Check each line of the material for the string "exists", and copy the lines that have it.

=== Provided records ===

(* Let $L$ be an interval locale and $E$ a presheaf on $L_{+}$. Then the composite morphism $E\to\operatorname{Im}(E)\to L(\operatorname{Im}(E))$ is initial among all presheaf maps $E\to F$ with $F$ a sheaf of monomorphisms on $L_{+}$.
   Context: A locale $L$ is a complete lattice in which finite meets distribute over arbitrary joins, with Grothendieck topology: $\{b_j\le a\}$ covers $a$ iff $\bigvee_j b_j=a$. $L$ is an interval if it is totally ordered and densely ordered. $i$ is the bottom element of $L$; $L_{+}=L\sqcup\{0\}$ with a new bottom $0<i$. A sheaf of monomorphisms on $L_{+}$ is a sheaf $F$ with $F(b)\to F(a)$ injective for all $a\le b$ in $L$. For a presheaf $E$ on $L_{+}$, $\operatorname{Im}(E)(s)$ is the image of $E(s)\to E(i)$ for $s\in L$, $\operatorname{Im}(E)(0)=\ast$. For a presheaf $F$ on $L_{+}$, $LF(a)=\varprojlim_{0<b<a}F(b)$ for $a\in L$, $a\neq i$, $LF(i)=F(i)$, $LF(0)=\ast$; $\eta:F\to LF$ is the canonical map. *)

theory Defs
  imports Main "HOL-Library.Option_ord"
begin

text \<open>Presheaves of sets on a poset 'p (viewed as a category), with values in a carrier
type 'x. ob F a is the set F(a); res F b a : F(b) \<rightarrow> F(a) is the restriction for a \<le> b.\<close>

record ('p, 'x) psh =
  ob  :: "'p \<Rightarrow> 'x set"
  res :: "'p \<Rightarrow> 'p \<Rightarrow> 'x \<Rightarrow> 'x"

definition presheaf :: "('p::order, 'x) psh \<Rightarrow> bool" where
  "presheaf F \<longleftrightarrow>
     (\<forall>a b x. a \<le> b \<and> x \<in> ob F b \<longrightarrow> res F b a x \<in> ob F a) \<and>
     (\<forall>a x. x \<in> ob F a \<longrightarrow> res F a a x = x) \<and>
     (\<forall>a b c x. c \<le> b \<and> b \<le> a \<and> x \<in> ob F a \<longrightarrow> res F b c (res F a b x) = res F a c x)"

definition psh_hom :: "('p::order, 'x) psh \<Rightarrow> ('p, 'y) psh \<Rightarrow> ('p \<Rightarrow> 'x \<Rightarrow> 'y) \<Rightarrow> bool" where
  "psh_hom E F f \<longleftrightarrow>
     (\<forall>a x. x \<in> ob E a \<longrightarrow> f a x \<in> ob F a) \<and>
     (\<forall>a b x. a \<le> b \<and> x \<in> ob E b \<longrightarrow> f a (res E b a x) = res F b a (f b x))"

definition hom_comp :: "('p \<Rightarrow> 'y \<Rightarrow> 'z) \<Rightarrow> ('p \<Rightarrow> 'x \<Rightarrow> 'y) \<Rightarrow> ('p \<Rightarrow> 'x \<Rightarrow> 'z)" where
  "hom_comp g f = (\<lambda>a x. g a (f a x))"

definition is_sheaf :: "('p::complete_lattice, 'x) psh \<Rightarrow> bool" where
  "is_sheaf F \<longleftrightarrow> presheaf F \<and>
     (\<forall>a B s. B \<subseteq> {b. b \<le> a} \<and> Sup B = a \<and>
        (\<forall>b\<in>B. s b \<in> ob F b) \<and>
        (\<forall>b\<in>B. \<forall>c\<in>B. res F b (inf b c) (s b) = res F c (inf b c) (s c))
        \<longrightarrow> (\<exists>!x. x \<in> ob F a \<and> (\<forall>b\<in>B. res F a b x = s b)))"

text \<open>L_+ is modelled as 'l option (HOL-Library.Option_ord): None is the new bottom 0,
Some a corresponds to a \<in> L; Some bot is i.\<close>

definition sheaf_of_monos :: "('l::complete_lattice option, 'x) psh \<Rightarrow> bool" where
  "sheaf_of_monos F \<longleftrightarrow> is_sheaf F \<and>
     (\<forall>a b. a \<le> b \<longrightarrow> inj_on (res F (Some b) (Some a)) (ob F (Some b)))"

definition Im :: "('l::complete_lattice option, 'x) psh \<Rightarrow> ('l option, 'x) psh" where
  "Im E = \<lparr> ob = (\<lambda>s. case s of None \<Rightarrow> {undefined}
                             | Some t \<Rightarrow> res E (Some t) (Some bot) ` ob E (Some t)),
            res = (\<lambda>b a x. case a of None \<Rightarrow> undefined | Some _ \<Rightarrow> x) \<rparr>"

definition Im_map :: "('l::complete_lattice option, 'x) psh \<Rightarrow> 'l option \<Rightarrow> 'x \<Rightarrow> 'x" where
  "Im_map E = (\<lambda>s x. case s of None \<Rightarrow> undefined | Some t \<Rightarrow> res E (Some t) (Some bot) x)"

text \<open>LF(a) = lim_{0<b<a} F(b) for a \<in> L, a \<noteq> i (compatible families indexed by the
b \<in> L with b < a, extended by undefined elsewhere); LF(i) = F(i); LF(0) a singleton.
Carrier: Inl for elements of F(i) (and the point of LF(0)), Inr for compatible families.\<close>
definition compat_fams :: "('l::complete_lattice option, 'x) psh \<Rightarrow> 'l \<Rightarrow> ('l \<Rightarrow> 'x) set" where
  "compat_fams F a = {s. (\<forall>b. b < a \<longrightarrow> s b \<in> ob F (Some b)) \<and>
                         (\<forall>b. \<not> b < a \<longrightarrow> s b = undefined) \<and>
                         (\<forall>b c. c \<le> b \<and> b < a \<longrightarrow> res F (Some b) (Some c) (s b) = s c)}"

definition Lsh :: "('l::complete_lattice option, 'x) psh \<Rightarrow> ('l option, 'x + ('l \<Rightarrow> 'x)) psh" where
  "Lsh F = \<lparr> ob = (\<lambda>s. case s of None \<Rightarrow> {Inl undefined}
                             | Some a \<Rightarrow> if a = bot then Inl ` ob F (Some bot)
                                         else Inr ` compat_fams F a),
            res = (\<lambda>b a y. case a of None \<Rightarrow> Inl undefined
                     | Some c \<Rightarrow> (case y of Inl x \<Rightarrow> Inl x
                                  | Inr s \<Rightarrow> if c = bot then Inl (s bot)
                                            else Inr (\<lambda>d. if d < c then s d else undefined))) \<rparr>"

definition eta :: "('l::complete_lattice option, 'x) psh \<Rightarrow> 'l option \<Rightarrow> 'x \<Rightarrow> 'x + ('l \<Rightarrow> 'x)" where
  "eta F = (\<lambda>s x. case s of None \<Rightarrow> Inl undefined
                 | Some a \<Rightarrow> if a = bot then Inl x
                             else Inr (\<lambda>b. if b < a then res F (Some a) (Some b) x else undefined))"

text \<open>Interval locale: totally and densely ordered complete lattice (a complete chain is
automatically a frame).\<close>
definition dense_ordered :: "'l::order itself \<Rightarrow> bool" where
  "dense_ordered _ \<longleftrightarrow> (\<forall>x y::'l. x < y \<longrightarrow> (\<exists>z. x < z \<and> z < y))"

end

theory Submission
  imports Defs
begin

text \<open>Since the restrictions of \<open>Im E\<close> are inclusions, a compatible family in \<open>L(Im E)(t)\<close> is
constant: it is determined by its germ, an element of \<open>E(i)\<close> that extends to every \<open>d < t\<close>.
In a sheaf of monomorphisms \<open>F\<close> a section over \<open>t\<close> is determined by its germ in \<open>F(i)\<close>,
and on an interval every \<open>t \<noteq> i\<close> is covered by the \<open>d < t\<close>; gluing the unique extensions to
those \<open>d\<close> shows that a germ extending below \<open>t\<close> extends to \<open>t\<close>. So \<open>f\<close> factors uniquely, by
sending a germ \<open>v\<close> over \<open>t\<close> to the section of \<open>F(t)\<close> with germ \<open>f(v)\<close>.\<close>

lemma presheafD:
  assumes "presheaf F"
  shows presheaf_res_mem: "a \<le> b \<Longrightarrow> x \<in> ob F b \<Longrightarrow> res F b a x \<in> ob F a"
    and presheaf_res_id: "x \<in> ob F a \<Longrightarrow> res F a a x = x"
    and presheaf_res_trans: "c \<le> b \<Longrightarrow> b \<le> a \<Longrightarrow> x \<in> ob F a \<Longrightarrow> res F b c (res F a b x) = res F a c x"
  using assms unfolding presheaf_def by blast+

===

→ Solution for this problem:
        \<longrightarrow> (\<exists>!x. x \<in> ob F a \<and> (\<forall>b\<in>B. res F a b x = s b)))"
  "dense_ordered _ \<longleftrightarrow> (\<forall>x y::'l. x < y \<longrightarrow> (\<exists>z. x < z \<and> z < y))"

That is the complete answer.